■ **Task inputs**
(* Let $\gamma\in\mathbb{R}$ and $|a|$ small. For every $\tau\in(-1/2,1/2]\setminus\{0\}$, the $L^2(\mathbb{T})$-spectrum of $\mathcal H_a(\gamma,\tau)$ is symmetric with respect to reflection through the imaginary axis: if $\mu$ is in the spectrum, so is $-\overline{\mu}$.
   Context: Here $\rho,\phi\in\mathbb{R}$, $k>0$, and $w$, $c$ describe the small-amplitude periodic traveling wave of the Konopelchenko–Dubrovsky equation: $w$ is smooth, real, even and $2\pi$-periodic, $w(z)=a\cos z+a^2(A_0+A_2\cos 2z)+a^3A_3\cos 3z+O(a^4)$, $c=k^2+a^2c_2+O(a^4)$, with $A_0=-\frac{3\rho}{2k^2}$, $A_2=\frac{\rho}{2k^2}$, $A_3=-\frac{\phi^2}{64k^2}+\frac{3\rho^2}{16k^4}$, $c_2=\frac{3\phi^2}{8}+\frac{15\rho^2}{2k^2}$. The operator $\mathcal H_a(\gamma,\tau)=kc(\partial_z+i\tau)+k^3(\partial_z+i\tau)^3+6k\rho(\partial_z+i\tau)(w\,\cdot)-\tfrac32\phi^2k(\partial_z+i\tau)(w^2\,\cdot)-\big(\frac{3\gamma^2}{k}+3i\phi\gamma w_z\big)(\partial_z+i\tau)^{-1}$ acts in $L^2(\mathbb{T})$ ($2\pi$-periodic square-integrable functions). *)

theory Defs
  imports "HOL-Analysis.Analysis"
begin

definition per2pi :: "(real \<Rightarrow> 'a) \<Rightarrow> bool" where
  "per2pi f \<longleftrightarrow> (\<forall>x. f (x + 2 * pi) = f x)"

text \<open>Elements of L2(T), represented by 2pi-periodic complex functions that are
  measurable and square integrable over one period; they are identified when equal
  almost everywhere.\<close>
definition L2T :: "(real \<Rightarrow> complex) \<Rightarrow> bool" where
  "L2T f \<longleftrightarrow> per2pi f \<and> f measurable_on {0..2*pi}
      \<and> (\<lambda>x. (cmod (f x))^2) integrable_on {0..2*pi}"

definition L2norm :: "(real \<Rightarrow> complex) \<Rightarrow> real" where
  "L2norm f = sqrt (integral {0..2*pi} (\<lambda>x. (cmod (f x))^2))"

definition ae_eq :: "(real \<Rightarrow> complex) \<Rightarrow> (real \<Rightarrow> complex) \<Rightarrow> bool" where
  "ae_eq f g \<longleftrightarrow> negligible {x \<in> {0..2*pi}. f x \<noteq> g x}"

text \<open>Periodic Sobolev space H^3(T): f is C^2 with derivatives f1, f2, and f2 is
  absolutely continuous with (a.e.) derivative f3 in L2(T).\<close>
definition H3T :: "(real \<Rightarrow> complex) \<Rightarrow> (real \<Rightarrow> complex) \<Rightarrow> (real \<Rightarrow> complex)
     \<Rightarrow> (real \<Rightarrow> complex) \<Rightarrow> bool" where
  "H3T f f1 f2 f3 \<longleftrightarrow> per2pi f
     \<and> (\<forall>x. (f has_vector_derivative f1 x) (at x))
     \<and> (\<forall>x. (f1 has_vector_derivative f2 x) (at x))
     \<and> L2T f3
     \<and> (\<forall>x y. x \<le> y \<longrightarrow> (f3 has_integral (f2 y - f2 x)) {x..y})"

definition smooth_fun :: "(real \<Rightarrow> real) \<Rightarrow> bool" where
  "smooth_fun u \<longleftrightarrow> (\<exists>D. D 0 = u \<and> (\<forall>n x. (D n has_real_derivative D (Suc n) x) (at x)))"

text \<open>The inverse of (d/dz + i tau) on (continuous) 2pi-periodic functions,
  tau not an integer: the unique periodic solution F of F' + i tau F = f.\<close>
definition Dinv :: "real \<Rightarrow> (real \<Rightarrow> complex) \<Rightarrow> (real \<Rightarrow> complex)" where
  "Dinv \<tau> f = (THE F. per2pi F \<and>
      (\<forall>x. (F has_vector_derivative (f x - \<i> * complex_of_real \<tau> * F x)) (at x)))"

text \<open>The operator H_a(gamma,tau) applied to f in H^3(T) (with derivatives f1,f2,f3),
  written with D = d/dz + i tau:
  kc D f + k^3 D^3 f + 6 k rho D(w f) - 3/2 phi^2 k D(w^2 f)
   - (3 gamma^2/k + 3 i phi gamma w_z) D^{-1} f.\<close>
definition Hop :: "real \<Rightarrow> real \<Rightarrow> real \<Rightarrow> real \<Rightarrow> real \<Rightarrow> (real \<Rightarrow> real) \<Rightarrow> real
     \<Rightarrow> (real \<Rightarrow> complex) \<Rightarrow> (real \<Rightarrow> complex) \<Rightarrow> (real \<Rightarrow> complex) \<Rightarrow> (real \<Rightarrow> complex)
     \<Rightarrow> (real \<Rightarrow> complex)" where
  "Hop k c \<rho> \<phi> \<gamma> w \<tau> f f1 f2 f3 = (\<lambda>x.
     let t = complex_of_real \<tau>; W = complex_of_real (w x);
         Wz = complex_of_real (deriv w x);
         Df = f1 x + \<i> * t * f x;
         D3f = f3 x + 3 * \<i> * t * f2 x - 3 * t^2 * f1 x - \<i> * t^3 * f x;
         Dwf = Wz * f x + W * f1 x + \<i> * t * W * f x;
         Dw2f = 2 * W * Wz * f x + W^2 * f1 x + \<i> * t * W^2 * f x
     in complex_of_real (k * c) * Df + complex_of_real (k^3) * D3f
        + complex_of_real (6 * k * \<rho>) * Dwf
        - complex_of_real (3/2 * \<phi>^2 * k) * Dw2f
        - (complex_of_real (3 * \<gamma>^2 / k) + 3 * \<i> * complex_of_real (\<phi> * \<gamma>) * Wz)
            * Dinv \<tau> f x)"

■ **What is required**
Output the lines above between the one holding "written with D" and the one holding "real) \<Rightarrow> real", inclusive, with nothing before or after them.

■ **Reply**
  written with D = d/dz + i tau:
  kc D f + k^3 D^3 f + 6 k rho D(w f) - 3/2 phi^2 k D(w^2 f)
   - (3 gamma^2/k + 3 i phi gamma w_z) D^{-1} f.\<close>
definition Hop :: "real \<Rightarrow> real \<Rightarrow> real \<Rightarrow> real \<Rightarrow> real \<Rightarrow> (real \<Rightarrow> real) \<Rightarrow> real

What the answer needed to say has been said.